(Problem to solve) Only the final stretch of the data is wanted: reproduce the line containing "then show ?thesis using" and each line after it, exactly.

(Information given)

lemma is_fraction_mult:
  assumes "is_fraction y1" "is_fraction y2" shows "is_fraction (y1 \<otimes> y2)"
proof -
  obtain A1 B1 A2 B2 where AB: "A1 \<in> carrier (F[X])" "B1 \<in> carrier (F[X])" "B1 \<noteq> []"
    "A2 \<in> carrier (F[X])" "B2 \<in> carrier (F[X])" "B2 \<noteq> []"
    and y: "y1 \<in> carrier R" "y2 \<in> carrier R"
    and eq: "eval B1 t \<otimes> y1 = eval A1 t" "eval B2 t \<otimes> y2 = eval A2 t"
    using assms unfolding is_fraction_def by blast
  have "B1 \<otimes>\<^bsub>F[X]\<^esub> B2 \<noteq> []"
    using AB by (simp add: poly_mult_neq_nil)
  moreover have "eval (B1 \<otimes>\<^bsub>F[X]\<^esub> B2) t \<otimes> (y1 \<otimes> y2) = eval (A1 \<otimes>\<^bsub>F[X]\<^esub> A2) t"
    using AB y eq[symmetric] by (simp add: m_ac)
  ultimately show ?thesis
    using AB y by (intro is_fractionI[of _ "A1 \<otimes>\<^bsub>F[X]\<^esub> A2"]) auto
qed

lemma is_fraction_neg:
  assumes "is_fraction y" shows "is_fraction (\<ominus> y)"
proof -
  obtain A B where AB: "A \<in> carrier (F[X])" "B \<in> carrier (F[X])" "B \<noteq> []"
    and y: "y \<in> carrier R" and eq: "eval B t \<otimes> y = eval A t"
    using assms unfolding is_fraction_def by blast
  have "eval B t \<otimes> \<ominus> y = eval (\<ominus>\<^bsub>F[X]\<^esub> A) t"
    using AB y eq by (simp add: r_minus)
  then show ?thesis
    using AB y by (intro is_fractionI[of _ "\<ominus>\<^bsub>F[X]\<^esub> A"]) auto
qed
lemma borel_measurable_pcond:
  "(\<lambda>x :: real \<times> real. pcond \<gamma> \<sigma> L r \<phi> (fst x) (snd x)) \<in> borel_measurable borel"
proof -
  have "(\<lambda>x :: real \<times> real. pcond \<gamma> \<sigma> L r \<phi> (fst x) (snd x)) \<in> borel_measurable (borel \<Otimes>\<^sub>M borel)"
    unfolding pcond_def Cm_def by measurable
  then show ?thesis
    by (simp add: borel_prod)
qed

lemma measure_gt_le_cost:
  fixes F :: "real measure" and C :: "real \<Rightarrow> real"
  assumes "finite_measure F" "sets F = sets borel"
    and mono: "mono_on {0..} C" and cost: "(\<integral>\<^sup>+ x. ennreal (C x) \<partial>F) \<le> ennreal A"
    and "A \<ge> 0" "t \<ge> 0" "C t > 0"
  shows "measure F {t<..} \<le> A / C t"
proof -
  have "ennreal (C t * measure F {t<..}) = (\<integral>\<^sup>+ x. ennreal (C t) * indicator {t<..} x \<partial>F)"
    using assms by (simp add: finite_measure.emeasure_eq_measure ennreal_mult nn_integral_cmult_indicator)
  also have "\<dots> \<le> (\<integral>\<^sup>+ x. ennreal (C x) \<partial>F)"
  proof (rule nn_integral_mono)
    fix x
    show "ennreal (C t) * indicator {t<..} x \<le> ennreal (C x)"
      using mono_onD[OF mono, of t x] assms by (cases "t < x") (auto intro: ennreal_leI)
  qed
  also note cost
  finally have "C t * measure F {t<..} \<le> A"
    using assms by (simp add: ennreal_le_iff)
  then show ?thesis
    using assms by (simp add: pos_le_divide_eq mult.commute)
qed

locale pzd_input = pzd_channel + prob_space M for M :: "(real \<times> real) measure" +
  assumes sets_M: "sets M = sets borel" and amplitude_nonneg: "AE x in M. fst x \<ge> 0"
begin

abbreviation amp_law :: "real measure" where
  "amp_law \<equiv> distr M lborel fst"

lemma borel_measurable_M: "borel_measurable M = borel_measurable (borel :: (real \<times> real) measure)"
  by (rule measurable_cong_sets) (simp_all add: sets_M)

lemma measurable_fst_M [measurable]: "fst \<in> measurable M borel"
proof -
  have "measurable M borel = measurable (borel \<Otimes>\<^sub>M borel :: (real \<times> real) measure) (borel :: real measure)"
    by (rule measurable_cong_sets) (metis sets_M borel_prod, simp)
  then show ?thesis
    by simp
qed

sublocale amp: prob_space amp_law
  by (rule prob_space_distr) simp

lemma measure_amp_law_UNIV: "measure amp_law UNIV = 1"
  using amp.prob_space by simp

lemma AE_amp_law_nonneg: "AE r0 in amp_law. r0 \<ge> 0"
  using amplitude_nonneg by (subst AE_distr_iff) auto

lemma integrable_amp_law_pRR0: "r \<ge> 0 \<Longrightarrow> integrable amp_law (pRR0 \<sigma> L r)"
proof (rule amp.integrable_const_bound[where B = "2 * r / N0"])
  assume "r \<ge> 0"
  show "AE r0 in amp_law. norm (pRR0 \<sigma> L r r0) \<le> 2 * r / N0"
    using AE_amp_law_nonneg
  proof eventually_elim
    case (elim r0)
    have "pRR0 \<sigma> L r r0 \<le> 2 * r / N0 * exp (- (r - r0)\<^sup>2 / N0)"
      using \<open>r \<ge> 0\<close> elim by (rule pRR0_le)
    also have "\<dots> \<le> 2 * r / N0 * 1"
      using \<open>r \<ge> 0\<close> N0_pos by (intro mult_left_mono) auto
    finally show ?case
      using pRR0_nonneg[OF \<open>r \<ge> 0\<close> elim] by simp
  qed
qed simp
lemma maximizer_orthogonal:
  assumes u: "(\<Sum>i<n. u i) = 0" and orth: "sinner n u v = 0"
  shows "sinner n (mix W n (mix W n v)) u = 0"
proof (rule linear_le_quadratic_imp_eq_0)
  fix \<epsilon> :: real
  let ?s = "snorm2 n (mix W n v)"
  have "(\<Sum>i<n. v i + \<epsilon> *\<^sub>R u i) = 0"
    using u v by (simp add: zero_sum_sphere_def sum.distrib sum_distrib_left[symmetric])
  then have "snorm2 n (mix W n (\<lambda>i. v i + \<epsilon> *\<^sub>R u i)) \<le> ?s * snorm2 n (\<lambda>i. v i + \<epsilon> *\<^sub>R u i)"
    by (intro snorm2_mix_le_sphere_maximum[OF v maximal])
  then have "?s + 2 * \<epsilon> * sinner n (mix W n v) (mix W n u) + \<epsilon>\<^sup>2 * snorm2 n (mix W n u)
      \<le> ?s * (1 + \<epsilon>\<^sup>2 * snorm2 n u)"
    using v orth unfolding mix_add_scaleR snorm2_add_scaleR
    by (simp add: zero_sum_sphere_def sinner_commute)
  then show "2 * \<epsilon> * sinner n (mix W n (mix W n v)) u \<le> \<epsilon>\<^sup>2 * (?s * snorm2 n u - snorm2 n (mix W n u))"
    by (simp add: sinner_mix algebra_simps)
qed

lemma maximizer_mix_mix:
  assumes "i < n"
  shows "mix W n (mix W n v) i = snorm2 n (mix W n v) * v i"
proof -
  define c where "c = sinner n (mix W n (mix W n v)) v"
  define u where "u = (\<lambda>i. mix W n (mix W n v) i - c * v i)"
  have v_sum: "(\<Sum>i<n. v i) = 0" and v_norm: "sinner n v v = 1"
    using v by (simp_all add: zero_sum_sphere_def snorm2_eq_sinner)
  have u_sum: "(\<Sum>i<n. u i) = 0"
    using v_sum by (simp add: u_def sum_subtractf sum_mix sum_distrib_left[symmetric])
  have "sinner n u v = sinner n (mix W n (mix W n v)) v - c * sinner n v v"
    by (simp add: u_def sinner_def sum_subtractf sum_distrib_left algebra_simps)
  then have u_orth: "sinner n u v = 0"
    using v_norm by (simp add: c_def)
  have "snorm2 n u = sinner n (mix W n (mix W n v)) u - c * sinner n v u"
    by (simp add: snorm2_eq_sinner u_def sinner_def sum_subtractf sum_distrib_left algebra_simps)
  also have "\<dots> = 0"
    using maximizer_orthogonal[OF u_sum u_orth] u_orth by (simp add: sinner_commute)
  finally have "u i = 0" using assms by (simp add: snorm2_eq_0_iff)
  moreover have "c = snorm2 n (mix W n v)"
    by (simp add: c_def sinner_mix snorm2_eq_sinner)
  ultimately show ?thesis by (simp add: u_def)
qed

end

text \<open>If \<open>v\<close> is not itself an eigenvector for \<open>\<sigma>\<close>, then \<open>W v - \<sigma> v\<close> is one for \<open>-\<sigma>\<close>.\<close>
lemma eigenvalue_of_mix_square:
  fixes v :: "nat \<Rightarrow> real"
  assumes v_sum: "(\<Sum>i<n. v i) = 0" and v_nz: "\<exists>i<n. v i \<noteq> 0" and "0 \<le> \<sigma>"
    and square: "\<And>i. i < n \<Longrightarrow> mix W n (mix W n v) i = \<sigma>\<^sup>2 * v i"
  shows "\<exists>e. is_eigenvalue W n e \<and> e \<noteq> 1 \<and> \<bar>e\<bar> = \<sigma>"
proof (cases "\<forall>i<n. mix W n v i = \<sigma> * v i")
  case True
  then have "is_eigenvalue W n \<sigma>"
    using v_nz unfolding is_eigenvalue_def mix_def by auto
  moreover have "\<sigma> \<noteq> 1"
    using True v_nz zero_sum_fixed_point_eq_0[OF v_sum] by fastforce
  ultimately show ?thesis using \<open>0 \<le> \<sigma>\<close> by auto
next
  case False
  define w where "w = (\<lambda>i. mix W n v i - \<sigma> * v i)"
  have "mix W n w i = - \<sigma> * w i" if "i < n" for i
  proof -
    have "mix W n w i = mix W n (mix W n v) i - \<sigma> * mix W n v i"
      by (simp add: w_def mix_def sum_subtractf sum_distrib_left right_diff_distrib mult_ac)
    also have "\<dots> = - \<sigma> * w i"
      using square[OF that] by (simp add: w_def power2_eq_square algebra_simps)
    finally show ?thesis .
  qed
  moreover have "\<exists>i<n. w i \<noteq> 0" using False by (auto simp: w_def)
  ultimately have "is_eigenvalue W n (- \<sigma>)"
    unfolding is_eigenvalue_def mix_def by auto
  then show ?thesis using \<open>0 \<le> \<sigma>\<close> by (intro exI[of _ "- \<sigma>"]) auto
qed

(Result for this exercise)
  then show ?thesis using \<open>0 \<le> \<sigma>\<close> by (intro exI[of _ "- \<sigma>"]) auto
qed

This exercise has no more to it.